To think that once that place was capable of producing movies with content, message, good acting, just plain fun, for petew's sake!
Agreed on Titanic and Private Ryan too. Just the usual big budgets stuff. Sort of like a big merger of companies (really often a merger of CEO egos rather than sound business strategy - I refer only to a few very large ones which have since been or will soon be dissolved - the brokers (read, investment bankers) will make money at the dissolution and at the merger. Not that I have a problem with that of course. I just make sure that I am in the money one way or another.I think too often the public falls for hype but hey, ultimately they are there to be entertained and if they feel entertained, I guess they have received what they paid for just like the story that is sold to Wall Street by the company or is it the other way around sometimes. Satisfaction is in perception and perception is subjective and deceptive too. Does it really matter if we lived in or are living in "the Matrix" to borrow from another recent movie (BTW, I liked "Matrix" even though you and many others did not, maybe because I am a sucker for sci-fi and because I am starved of good sci-fi, I will settle for anything I guess).

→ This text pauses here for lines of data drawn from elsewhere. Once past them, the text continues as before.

definition assigned :: "'i set \<Rightarrow> ('i \<Rightarrow> 's option) \<Rightarrow> 's \<Rightarrow> 'i set" where
  "assigned I \<mu> s = {i \<in> I. \<mu> i = Some s}"

definition is_matching :: "'i set \<Rightarrow> 's set \<Rightarrow> ('s \<Rightarrow> nat) \<Rightarrow> ('i \<Rightarrow> 's option) \<Rightarrow> bool" where
  "is_matching I S q \<mu> \<longleftrightarrow>
     (\<forall>i\<in>I. \<mu> i \<in> outcomes S) \<and> (\<forall>s\<in>S. card (assigned I \<mu> s) \<le> q s)"

definition individually_rational ::
  "'i set \<Rightarrow> ('i \<Rightarrow> ('s option \<times> 's option) set) \<Rightarrow> ('i \<Rightarrow> 's option) \<Rightarrow> bool" where
  "individually_rational I P \<mu> \<longleftrightarrow> (\<forall>i\<in>I. (\<mu> i, None) \<in> P i \<or> \<mu> i = None)"

definition non_wasteful ::
  "'i set \<Rightarrow> 's set \<Rightarrow> ('i \<Rightarrow> ('s option \<times> 's option) set) \<Rightarrow> ('s \<Rightarrow> nat)
     \<Rightarrow> ('i \<Rightarrow> 's option) \<Rightarrow> bool" where
  "non_wasteful I S P q \<mu> \<longleftrightarrow>
     (\<forall>i\<in>I. \<forall>s\<in>S. (Some s, \<mu> i) \<in> P i \<longrightarrow> card (assigned I \<mu> s) = q s)"

definition partially_stable ::
  "'i set \<Rightarrow> 's set \<Rightarrow> ('i \<Rightarrow> ('s option \<times> 's option) set) \<Rightarrow> ('s \<Rightarrow> nat)
     \<Rightarrow> ('s \<Rightarrow> ('i \<times> 'i) set) \<Rightarrow> ('s \<Rightarrow> ('i \<times> 'i) set) \<Rightarrow> ('i \<Rightarrow> 's option) \<Rightarrow> bool" where
  "partially_stable I S P q pr C \<mu> \<longleftrightarrow>
     is_matching I S q \<mu> \<and> individually_rational I P \<mu> \<and> non_wasteful I S P q \<mu> \<and>
     (\<forall>i\<in>I. \<forall>j\<in>I. \<forall>s\<in>S.
        \<mu> j = Some s \<longrightarrow> (Some s, \<mu> i) \<in> P i \<longrightarrow> (i, j) \<in> pr s \<longrightarrow> (i, j) \<in> C s)"

end

theory Submission
  imports Defs
begin
(* Let $(Y,d)$ be a complete separable metric space and $f:Y\to Y$ continuous. Let $K\neq\varnothing$ be an isolated invariant set of $f$, and let $N,N'$ be two $f$-admissible isolating neighborhoods of $K$ with \[ N\subset \operatorname{int}N'\cap f^{-1}(\operatorname{int}N'). \] Assume moreover that \[ A^-(N)=A(N)=K. \] Then there exists an $f$-admissible isolating neighborhood $B\subset N$ of $K$ which is positively invariant, i.e. $f(B)\subset B$.
   Context: A full left solution of $f$ in a set $N$ is a sequence $\{x_{-n}\}_{n\in\mathbb N}\subset N$ with $f(x_{n-1})=x_n$ for all $n\le 0$. The following sets are defined for $N\subset Y$: \begin{itemize} \item $A^+(N)=\{x\in N: f^k(x)\in N \text{ for all } k\ge0\}$; \item $A^-(N)=\{x\in N: \text{there is a full left solution in } N \text{ through } x_0=x\}$; \item $A(N)=A^+(N)\cap A^-(N)$, the maximal invariant set in $N$. \end{itemize} A set $K$ is invariant if $A(K)=K$. It is an isolated invariant set, with isolating neighborhood $N$, if $N$ is a closed neighborhood of $K$ with $A(N)=K$. For $0\le l\le m$ put $f^{[l,m]}(x)=\{f^k(x): k\in\mathbb N\cap[l,m]\}$. A closed bounded set $N$ is $f$-admissible if, for any sequences $x_n\in Y$ and $m_n\to\infty$ with $f^{[0,m_n]}(x_n)\subset N$, the sequence $\{f^{m_n}(x_n)\}$ has a convergent subsequence. *)

theory Defs
  imports "HOL-Analysis.Analysis"
begin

Saw the Ronin yesterday as per your recommendation. It gave my surround speakers a better workout than even Matrix. Whew. I loved the car chases too.
Another flop which I rented twice was Ishtar, just because i love seeing different countries etc. Still it was goofy - the cover on the VHS makes me want to take it home.

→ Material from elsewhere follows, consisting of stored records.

lemma count_via_defect_sums:
  assumes c: "c \<in> Fq2"
  shows "int q ^ 2 * (int q - 1) * int (card {u. f u + c = 0}) =
    (int q - 1) * int q ^ (2 * n) + int q * (\<Sum>l\<in>{l\<in>Fq2_units. T (l * c) = 0}. defect l) -
      (\<Sum>l\<in>Fq2_units. defect l)"
proof -
  define total where "total = int q ^ (2 * n)"
  define N0 where "N0 = int (card {u. f u + c = 0})"
  define A0 where "A0 = (\<Sum>l\<in>{l\<in>Fq2_units. T (l * c) = 0}. defect l)"
  define A where "A = (\<Sum>l\<in>Fq2_units. defect l)"
  have "{u. f u + c \<noteq> 0} = UNIV - {u. f u + c = 0}" by auto
  moreover have "card {u. f u + c = 0} \<le> q ^ (2 * n)"
    using card_mono[of UNIV "{u. f u + c = 0}"] card_field by simp
  ultimately have "int (card {u. f u + c \<noteq> 0}) = total - N0"
    using card_field by (simp add: card_Diff_subset of_nat_diff total_def N0_def)
  hence count: "int (\<Sum>l\<in>Fq2_units. Tcount c l) = (int q ^ 2 - 1) * N0 + (int q - 1) * (total - N0)"
    using sum_Tcount[OF c] q_ge_2 q_power_pos[of 2] by (simp add: of_nat_diff N0_def)
  have "(if P then int q - 1 else -1) * x = (if P then int q * x else 0) - x" for P x
    by (simp add: algebra_simps)
  hence "int q * int (\<Sum>l\<in>Fq2_units. Tcount c l) =
      (\<Sum>l\<in>Fq2_units. total + ((if T (l * c) = 0 then int q * defect l else 0) - defect l))"
    using Tcount_eq c by (simp add: sum_distrib_left total_def)
  also have "\<dots> = (int q ^ 2 - 1) * total + int q * A0 - A"
    using card_Fq2_units q_power_pos[of 2]
    by (simp add: sum.distrib sum_subtractf sum_distrib_left sum.inter_filter[symmetric]
        of_nat_diff A0_def A_def)
  finally have "int q * ((int q ^ 2 - 1) * N0 + (int q - 1) * (total - N0)) = (int q ^ 2 - 1) * total + int q * A0 - A"
    unfolding count .
  moreover have "int q ^ 2 * (int q - 1) * N0 =
      int q * ((int q ^ 2 - 1) * N0 + (int q - 1) * (total - N0)) - (int q ^ 2 - 1) * total + (int q - 1) * total"
    by (simp add: algebra_simps power2_eq_square)
  ultimately show ?thesis by (simp add: total_def N0_def A0_def A_def)
qed

lemma large_radical_iff_if_T_zero:
  assumes l: "l \<in> Fq2_units" and c: "c \<noteq> 0" and T_zero: "T (l * c) = 0"
  shows "large_radical l \<longleftrightarrow> (- (c ^ (q - 1))) ^ t = alpha q n m a"
proof -
  have l': "l \<noteq> 0" using l by (simp add: Fq2_units_def)
  have "q = Suc (q - 1)" using q_ge_2 by simp
  hence "(l * c) ^ q = (l * c) * (l ^ (q - 1) * c ^ (q - 1))"
    by (metis power_Suc power_mult_distrib mult.assoc mult.left_commute)
  hence "l * c + (l * c) * (l ^ (q - 1) * c ^ (q - 1)) = 0" using T_zero by (simp add: T_def)
  hence "(l * c) * (1 + l ^ (q - 1) * c ^ (q - 1)) = 0" by (simp add: algebra_simps)
  hence "1 + l ^ (q - 1) * c ^ (q - 1) = 0" using l' c by simp
  hence "l ^ (q - 1) = inverse (- (c ^ (q - 1)))"
    using c by (simp add: field_simps eq_neg_iff_add_eq_0 add.commute)
  hence "large_radical l \<longleftrightarrow> alpha q n m a * inverse ((- (c ^ (q - 1))) ^ t) = 1"
    by (simp only: large_radical_def power_inverse)
  also have "\<dots> \<longleftrightarrow> (- (c ^ (q - 1))) ^ t = alpha q n m a"
    using c by (auto simp: field_simps)
  finally show ?thesis .
qed

lemma card_T_zero_large_radical:
  assumes c: "c \<in> Fq2" "c \<noteq> 0"
  shows "card {l\<in>{l\<in>Fq2_units. T (l * c) = 0}. large_radical l} =
    (if (- (c ^ (q - 1))) ^ t = alpha q n m a then q - 1 else 0)"
proof -
  have "{l\<in>{l\<in>Fq2_units. T (l * c) = 0}. large_radical l} =
      (if (- (c ^ (q - 1))) ^ t = alpha q n m a then {l\<in>Fq2_units. T (l * c) = 0} else {})"
    using large_radical_iff_if_T_zero[OF _ c(2)] by auto
  thus ?thesis using card_T_zero_units[OF c(1)] c(2) by simp
qed

definition Q_int :: int where "Q_int = int q + 1 - int g * (int q ^ d + 1)"

definition scaled_dev :: "'a \<Rightarrow> int" where
  "scaled_dev c = (-1) ^ n * int q ^ n *
    (if alpha q n m a ^ ((q + 1) div g) = 1 then
       (if c = 0 then (int q - 1) * Q_int
        else if (- (c ^ (q - 1))) ^ t = alpha q n m a then - (int q ^ (d + 1)) - Q_int
        else int q - Q_int)
     else (if c = 0 then int q ^ 2 - 1 else - 1))"

lemma scaled_dev_eq_counts:
  assumes c: "c \<in> Fq2"
  shows "(int q - 1) * scaled_dev c = (-1) ^ n * int q ^ n *
    (int q * (int (card {l\<in>Fq2_units. T (l * c) = 0}) -
        int (card {l\<in>{l\<in>Fq2_units. T (l * c) = 0}. large_radical l}) * (int q ^ d + 1)) -
      (int q ^ 2 - 1 - int (card {l\<in>Fq2_units. large_radical l}) * (int q ^ d + 1)))"
proof -
  define \<sigma> where "\<sigma> = (-1::int) ^ n * int q ^ n"
  define Zc where "Zc = int (card {l\<in>Fq2_units. T (l * c) = 0})"
  define D where "D = int (card {l\<in>Fq2_units. large_radical l})"
  define D0 where "D0 = int (card {l\<in>{l\<in>Fq2_units. T (l * c) = 0}. large_radical l})"
  have D_eq: "D = (if alpha q n m a ^ ((q + 1) div g) = 1 then (int q - 1) * int g else 0)"
    using card_large_radical q_ge_2 by (simp add: D_def of_nat_diff)
  have "(int q - 1) * scaled_dev c = \<sigma> * (int q * (Zc - D0 * (int q ^ d + 1)) - (int q ^ 2 - 1 - D * (int q ^ d + 1)))"
  proof (cases "c = 0")
    case True
    hence Zc: "Zc = int q ^ 2 - 1" and D0: "D0 = D"
      using card_T_zero_units[OF c] q_power_pos[of 2] T_zero
      by (simp_all add: Zc_def D_def D0_def of_nat_diff)
    show ?thesis unfolding Zc D0 using True D_eq
      by (simp add: scaled_dev_def Q_int_def \<sigma>_def algebra_simps power2_eq_square)
  next
    case False
    have Zc: "Zc = int q - 1"
      using card_T_zero_units[OF c] False q_ge_2 by (simp add: Zc_def of_nat_diff)
    have D0: "D0 = (if (- (c ^ (q - 1))) ^ t = alpha q n m a then int q - 1 else 0)"
      using card_T_zero_large_radical[OF c False] q_ge_2 by (simp add: D0_def of_nat_diff)
    show ?thesis
    proof (cases "alpha q n m a ^ ((q + 1) div g) = 1")
      case True
      hence D: "D = (int q - 1) * int g" using D_eq by simp
      show ?thesis unfolding Zc D0 D using True False
        by (simp add: scaled_dev_def Q_int_def \<sigma>_def algebra_simps power2_eq_square)
    next
      case not_cond: False
      have "D0 \<le> D" unfolding D_def D0_def by (intro of_nat_mono card_mono) auto
      hence "D0 = 0" using D_eq D0 not_cond q_ge_2 by (auto split: if_splits)
      thus ?thesis unfolding Zc using False not_cond D_eq
        by (simp add: scaled_dev_def \<sigma>_def algebra_simps power2_eq_square)
    qed
  qed
  thus ?thesis by (simp add: \<sigma>_def Zc_def D_def D0_def)
qed

lemma scaled_count_eq:
  assumes c: "c \<in> Fq2"
  shows "int q ^ 2 * int (card {u. f u + c = 0}) = int q ^ (2 * n) + scaled_dev c"
proof -
  let ?Z = "{l\<in>Fq2_units. T (l * c) = 0}"
  have "(int q - 1) * (int q ^ 2 * int (card {u. f u + c = 0})) =
      (int q - 1) * int q ^ (2 * n) + (int q - 1) * scaled_dev c"
    unfolding scaled_dev_eq_counts[OF c]
    using count_via_defect_sums[OF c] sum_defect[of ?Z] sum_defect[of Fq2_units] card_Fq2_units
      q_power_pos[of 2]
    by (simp add: of_nat_diff algebra_simps)
  thus ?thesis using q_ge_2 by (simp flip: distrib_left)
qed

lemma Ncount_deviation:
  assumes c: "c \<in> Fq2"
  shows "real (Ncount q n m a c) - real q ^ (2 * (n - 1)) = real_of_int (scaled_dev c) / real q ^ 2"
proof -
  have "real_of_int (int q ^ 2 * int (Ncount q n m a c)) = real_of_int (int q ^ (2 * n) + scaled_dev c)"
    using scaled_count_eq[OF c] by (simp add: Ncount_def f_def)
  hence "real q ^ 2 * real (Ncount q n m a c) = real q ^ (2 * n) + real_of_int (scaled_dev c)" by simp
  moreover have "real q ^ (2 * (n - 1)) * real q ^ 2 = real q ^ (2 * n)"
  proof -
    have "2 * n = 2 * (n - 1) + 2" using n_pos by simp
    thus ?thesis by (metis power_add)
  qed
  ultimately show ?thesis using q_ge_2 by (simp add: field_simps)
qed

end

context trace_form begin

lemma Ncount_deviation_cases:
  assumes c: "c \<in> Fq2"
  shows "(alpha q n m a ^ ((q + 1) div gval q n m) = 1 \<longrightarrow>
      real (Ncount q n m a c) - real q ^ (2 * (n - 1)) =
        (if c = 0 then (-1) ^ n * (real q - 1) * real q powi (int n - 2) * Qval q n m
         else if (- (c ^ (q - 1))) ^ (n div dval m n) = alpha q n m a
         then (-1) ^ (n - 1) * real q ^ (n + dval m n - 1) + (-1) ^ (n - 1) * real q powi (int n - 2) * Qval q n m
         else (-1) ^ n * real q ^ (n - 1) + (-1) ^ (n - 1) * real q powi (int n - 2) * Qval q n m))
    \<and> (alpha q n m a ^ ((q + 1) div gval q n m) \<noteq> 1 \<longrightarrow>
      real (Ncount q n m a c) - real q ^ (2 * (n - 1)) =
        (if c = 0 then (-1) ^ n * (real q ^ 2 - 1) * real q powi (int n - 2)
         else (-1) ^ (n - 1) * real q powi (int n - 2)))"
proof -
  have q: "real q \<noteq> 0" using q_ge_2 by simp
  have powi: "real q powi (int n - 2) = real q ^ n / real q ^ 2"
    using q by (simp add: power_int_diff)
  have sign: "(-1::real) ^ (n - 1) = - ((-1) ^ n)"
    using n_pos by (cases n) auto
  have power_d: "real q ^ (n + d - 1) = real q ^ n * real q ^ d * real q / real q ^ 2"
    using power_diff[OF q, of 2 "n + d + 1"] n_pos by (simp add: power_add)
  have power_1: "real q ^ (n - 1) = real q ^ n * real q / real q ^ 2"
    using power_diff[OF q, of 2 "n + 1"] n_pos by simp
  have Qval: "Qval q n m = real_of_int Q_int"
    by (simp add: Qval_def Q_int_def g_eq_gval d_eq_dval)
  show ?thesis
    unfolding Ncount_deviation[OF c] scaled_dev_def g_eq_gval[symmetric] d_eq_dval[symmetric]
      t_def[symmetric] powi sign power_d power_1 Qval
    using q by (simp add: field_simps)
qed

lemma abs_Q_int_eq_iff: "\<bar>Q_int\<bar> = int (q + 1) * int q ^ s \<longleftrightarrow> g = q + 1 \<and> d = s"
proof -
  have g: "1 \<le> g" "g \<le> q + 1" by (simp_all add: g_def Suc_le_eq gcd_le2_nat)
  have "int q ^ 1 \<le> int q ^ d" using power_increasing[of 1 d "int q"] d_pos q_ge_2 by simp
  moreover have "int q ^ d \<le> int q ^ s" using power_increasing[OF d_le_s, of "int q"] q_ge_2 by simp
  ultimately have qd: "int q \<le> int q ^ d" "int q ^ d \<le> int q ^ s" by simp_all
  have "int q + 1 \<le> int q ^ d + 1" using qd by simp
  also have "\<dots> \<le> int g * (int q ^ d + 1)"
    using mult_right_mono[of 1 "int g" "int q ^ d + 1"] g qd q_ge_2 by simp
  finally have "Q_int \<le> 0" by (simp add: Q_int_def)
  hence abs_Q: "\<bar>Q_int\<bar> = int g * (int q ^ d + 1) - (int q + 1)" by (simp add: Q_int_def)
  show ?thesis
  proof
    assume h: "\<bar>Q_int\<bar> = int (q + 1) * int q ^ s"
    have "g = q + 1"
    proof (rule ccontr)
      assume "g \<noteq> q + 1"
      hence "int g * (int q ^ d + 1) \<le> int q * (int q ^ d + 1)"
        using g by (intro mult_right_mono) auto
      moreover have "(int q + 1) * int q ^ d \<le> (int q + 1) * int q ^ s"
        using qd by (intro mult_left_mono) auto
      ultimately show False using h abs_Q qd q_ge_2 by (simp add: algebra_simps)
    qed
    have "(int q + 1) * int q ^ d = int g * (int q ^ d + 1) - (int q + 1)"
      using \<open>g = q + 1\<close> by (simp add: algebra_simps)
    also have "\<dots> = (int q + 1) * int q ^ s" using h abs_Q by simp
    finally have "int q ^ d = int q ^ s" using q_ge_2 by simp
    thus "g = q + 1 \<and> d = s" using \<open>g = q + 1\<close> q_ge_2 by (simp add: power_inject_exp)
  next
    assume "g = q + 1 \<and> d = s"
    thus "\<bar>Q_int\<bar> = int (q + 1) * int q ^ s" using abs_Q by (simp add: algebra_simps)
  qed
qed

lemma s_pos: "s > 0" by (simp add: s_def)

lemma s_times_q_plus_one_dvd_iff: "s * (q + 1) dvd n \<longleftrightarrow> d = s \<and> g = q + 1"
proof
  assume h: "s * (q + 1) dvd n"
  hence "s dvd n" by (rule dvd_mult_left)
  hence d: "d = s" by (simp add: d_def gcd_nat.absorb1)
  obtain w where "n = s * (q + 1) * w" using h unfolding dvd_def by blast
  hence n: "n = s * ((q + 1) * w)" by (metis mult.assoc)
  have "t = n div s" using d by (simp add: t_def)
  also have "\<dots> = (q + 1) * w" using s_pos by (subst n) simp
  finally have "t = (q + 1) * w" .
  hence "g = q + 1" unfolding g_def by (metis gcd_nat.absorb2 dvd_triv_left)
  thus "d = s \<and> g = q + 1" using d by simp
next
  assume "d = s \<and> g = q + 1"
  moreover have "(q + 1) dvd t" if "g = q + 1" using that by (metis g_def gcd_dvd1)
  ultimately show "s * (q + 1) dvd n" using n_eq_d_t by (metis mult_dvd_mono dvd_refl)
qed

lemma abs_scaled_dev_zero_eq_iff:
  "\<bar>scaled_dev 0\<bar> = (int q ^ 2 - 1) * int q ^ (n + s) \<longleftrightarrow> alpha q n m a = 1 \<and> g = q + 1 \<and> d = s"
proof (cases "alpha q n m a ^ ((q + 1) div g) = 1")
  case True
  have scaled_dev: "\<bar>scaled_dev 0\<bar> = ((int q - 1) * int q ^ n) * \<bar>Q_int\<bar>"
    using True q_ge_2 by (simp add: scaled_dev_def abs_mult)
  have bound: "(int q ^ 2 - 1) * int q ^ (n + s) = ((int q - 1) * int q ^ n) * (int (q + 1) * int q ^ s)"
    by (simp add: power_add power2_eq_square algebra_simps)
  have "(int q - 1) * int q ^ n \<noteq> 0" using q_ge_2 by simp
  hence "\<bar>scaled_dev 0\<bar> = (int q ^ 2 - 1) * int q ^ (n + s) \<longleftrightarrow> \<bar>Q_int\<bar> = int (q + 1) * int q ^ s"
    unfolding scaled_dev bound by (rule mult_left_cancel)
  also have "\<dots> \<longleftrightarrow> g = q + 1 \<and> d = s" by (rule abs_Q_int_eq_iff)
  also have "\<dots> \<longleftrightarrow> alpha q n m a = 1 \<and> g = q + 1 \<and> d = s" using True by auto
  finally show ?thesis .
next
  case False
  have "\<bar>scaled_dev 0\<bar> = (int q ^ 2 - 1) * int q ^ n"
    using False q_ge_2 by (simp add: scaled_dev_def abs_mult power2_eq_square)
  moreover have "int q ^ 2 - 1 > 0" using one_less_power[of "int q" 2] q_ge_2 by simp
  hence "(int q ^ 2 - 1) * int q ^ n < (int q ^ 2 - 1) * int q ^ (n + s)"
    using q_ge_2 by (intro mult_strict_left_mono power_strict_increasing) (auto simp: s_def)
  ultimately show ?thesis using False by auto
qed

Wish they invested in movies about Africa etc. But then I would not be alone when I went to these countries.
It could've been better if the actors tried a bit of scene stealing playful comradery. The inevitable consequence of such tactics is bigger than life presence whose tension the grips the audience for a couple hours straight.The director seemed like he was filming a documentary for PBS rather than an action-drama. But, it's still better than 90% of what's out there.
Although, I nearly wet my paints laughing during their obligatory "behind the scenes" schtick. The concern expressed about shooting guns in a convincing trajectory when the film used a cutaway view was hilarious. Maybe I was supposed to see this before the actual film. Then, they worried about the case scenes being authentic enough. Is it me, or isn't this film about the interplay among mercenaries as they're forced to depend on each other in an untrustworthy business? These old world gimmicks are just as hokey as CG. Just because these gimmicks are older doesn't make them a classic. Braveheart is comparatively modern & it's a classic.
Why not talk about Robert De Niro & Jean Réno? I still can't look at Jean Réno without remebering his problems with American coffee in Godzilla. De Niro OTOH constantly reminds me of everything he's done.